lemma lift_in_Dcal:
  assumes L: "L \<subseteq> PN N" and "y \<in> Dcal (N - card L)"
  shows "lift N L y \<in> Dcal N"
proof -
  obtain w b \<eta> where yy: "y = (w, b, \<eta>)" and y: "(w, b, \<eta>) \<in> Dcal (N - card L)"
    using assms(2) by (cases y) auto
  have "\<not> (Re (spread N L b 0 j) = 0 \<and> Im (spread N L b 0 j) \<noteq> 0)" if j: "j \<in> PN N" for j
    using L j
    by (cases rule: PN_cases_phi) (use y in \<open>auto simp: spread_in spread_phi[OF L] Dcal_def\<close>)
  moreover have "pimap N (lift N L y) = pimap (N - card L) y"
    using assms(2) Dcal_subset_DD DD_subset_ambient by (intro pimap_lift[OF L]) auto
  ultimately show ?thesis
    using assms(2) lift_in_DD[OF L] Dcal_subset_DD by (auto simp: Dcal_def lift_def yy)
qed

lemma uminus_Ccone_iff: "z \<in> uminus ` Ccone \<longleftrightarrow> Re z < 0 \<or> (Re z = 0 \<and> Im z < 0)"
  unfolding Ccone_def by (auto intro: image_eqI[where x = "-z"])

lemma Re_pimap: "Re (pimap N x) = Re (fst x) - (\<Sum>l\<in>PN N. min (Re (fst (snd x) l)) 0)"
proof -
  obtain w a \<theta> where xx: "x = (w, a, \<theta>)" by (cases x)
  have "Re (pimap N x) = Re w - (\<Sum>l\<in>preimg N a (uminus ` Ccone). Re (a l))"
    by (simp add: pimap_def xx Tr_def)
  also have "(\<Sum>l\<in>preimg N a (uminus ` Ccone). Re (a l)) =
     (\<Sum>l\<in>PN N. if a l \<in> uminus ` Ccone then Re (a l) else 0)"
    unfolding preimg_def by (simp add: sum.inter_filter)
  also have "\<dots> = (\<Sum>l\<in>PN N. min (Re (a l)) 0)"
    by (intro sum.cong refl) (auto simp: uminus_Ccone_iff)
  finally show ?thesis by (simp add: xx)
qed

lemma continuous_on_coord:
  "continuous_on S (\<lambda>x :: point. fst (snd x) l)"
  by (rule continuous_on_product_then_coordinatewise) (intro continuous_intros)

lemma continuous_on_Re_pimap: "continuous_on S (\<lambda>x. Re (pimap N x))"
  unfolding Re_pimap by (intro continuous_intros continuous_on_coord)

lemma continuous_on_hat:
  assumes "continuous_on S f"
  shows "continuous_on S (\<lambda>x. hat N L (f x :: nat \<Rightarrow> 'a::{zero,topological_space}))"
proof (rule continuous_on_coordinatewise_then_product)
  fix k
  show "continuous_on S (\<lambda>x. hat N L (f x) k)"
    using continuous_on_product_then_coordinatewise[OF assms]
    by (cases "k \<in> PN (N - card L)") (simp_all add: hat_def)
qed

text \<open>On \<open>\<D>_N\<close> a coordinate with \<open>Re (a l) = 0\<close> vanishes, so the jump of the indicator
  of \<open>-\<C>\<close> along the imaginary axis is invisible there.\<close>
lemma continuous_on_proj_Dcal:
  assumes L: "L \<subseteq> PN N"
  shows "continuous_on (Dcal N) (proj N L)"
proof -
  let ?neg = "\<lambda>x l. if Re (fst (snd x) l) \<le> 0 then fst (snd x) l else 0"
  have eq: "proj N L x = (fst x - (\<Sum>l\<in>L. ?neg x l), hat N L (fst (snd x)), hat N L (snd (snd x)))"
    if x: "x \<in> Dcal N" for x
  proof -
    obtain w a \<theta> where xx: "x = (w, a, \<theta>)" by (cases x)
    have "finite L" using finite_subset[OF L finite_PN] .
    then have "Tr a (L \<inter> preimg N a (uminus ` Ccone))
        = (\<Sum>l\<in>L. if a l \<in> uminus ` Ccone then a l else 0)"
      using L sum.inter_filter[of L a]
      by (simp add: Tr_def preimg_def Collect_conj_eq Int_assoc[symmetric] Int_absorb2)
    also have "\<dots> = (\<Sum>l\<in>L. ?neg x l)"
    proof (intro sum.cong refl)
      fix l
      have "Re (a l) = 0 \<Longrightarrow> a l = 0" using Dcal_Re_eq_0_imp_eq_0 x by (simp add: xx)
      then show "(if a l \<in> uminus ` Ccone then a l else 0) = ?neg x l"
        by (auto simp: xx uminus_Ccone_iff)
    qed
    finally show ?thesis by (simp add: proj_def xx)
  qed
  have neg: "continuous_on (Dcal N) (\<lambda>x. ?neg x l)" for l
  proof (rule continuous_on_cases_le)
    show "continuous_on (Dcal N) (\<lambda>x. Re (fst (snd x) l))"
      by (intro continuous_on_Re continuous_on_coord)
    show "fst (snd x) l = 0" if "x \<in> Dcal N" "Re (fst (snd x) l) = 0" for x
      using that Dcal_Re_eq_0_imp_eq_0 by (cases x) auto
  qed (simp_all add: continuous_on_coord)
  have "continuous_on (Dcal N)
      (\<lambda>x. (fst x - (\<Sum>l\<in>L. ?neg x l), hat N L (fst (snd x)), hat N L (snd (snd x))))"
    by (intro continuous_on_Pair continuous_on_diff continuous_on_sum continuous_on_hat
        continuous_on_fst continuous_on_snd continuous_on_id neg)
  then show ?thesis by (rule continuous_on_eq) (simp add: eq)
qed

lemma Re_pimap_image_DD: "(\<lambda>x. Re (pimap N x)) ` DD N = UNIV"
proof -
  have "r \<in> (\<lambda>x. Re (pimap N x)) ` DD N" for r
  proof (rule image_eqI)
    let ?x = "(complex_of_real r, \<lambda>_. 0, \<lambda>j. if j \<in> PN N then 1/2 else 0)"
    show "r = Re (pimap N ?x)" by (simp add: Re_pimap)
    show "?x \<in> DD N"
      using fraction_not_in_Ints[where 'a = real, of 2 1] by (auto simp: DD_def ambient_def preimg_def)
  qed
  then show ?thesis by blast
qed

definition Dopen :: "nat \<Rightarrow> point set" where
  "Dopen M = {x \<in> ambient M. (\<forall>k\<in>PN M. Re (fst (snd x) k) \<noteq> 0) \<and> Re (pimap M x) > 0}"

lemma Dopen_eq: "Dopen M = {x \<in> Dcal M. \<forall>k\<in>PN M. Re (fst (snd x) k) \<noteq> 0}"
  by (auto simp: Dopen_def Dcal_def DD_def preimg_def)

lemma openin_Dopen: "openin (top_of_set (ambient M)) (Dopen M)"
proof -
  have "open {x :: point. Re (fst (snd x) k) \<noteq> 0}" for k
    by (intro open_Collect_neq continuous_on_Re continuous_on_coord continuous_on_const)
  moreover have "open {x. 0 < Re (pimap M x)}"
    by (intro open_Collect_less continuous_on_const continuous_on_Re_pimap)
  ultimately have "open ((\<Inter>k\<in>PN M. {x. Re (fst (snd x) k) \<noteq> 0}) \<inter> {x. 0 < Re (pimap M x)})"
    by (intro open_Int open_INT finite_PN ballI)
  moreover have "Dopen M
      = ambient M \<inter> ((\<Inter>k\<in>PN M. {x. Re (fst (snd x) k) \<noteq> 0}) \<inter> {x. 0 < Re (pimap M x)})"
    by (auto simp: Dopen_def)
  ultimately show ?thesis by (simp add: openin_open_Int)
qed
============
Task details: In the listing, find all lines with the string "close" and copy them.

Task answer:
    by (cases rule: PN_cases_phi) (use y in \<open>auto simp: spread_in spread_phi[OF L] Dcal_def\<close>)
text \<open>On \<open>\<D>_N\<close> a coordinate with \<open>Re (a l) = 0\<close> vanishes, so the jump of the indicator
  of \<open>-\<C>\<close> along the imaginary axis is invisible there.\<close>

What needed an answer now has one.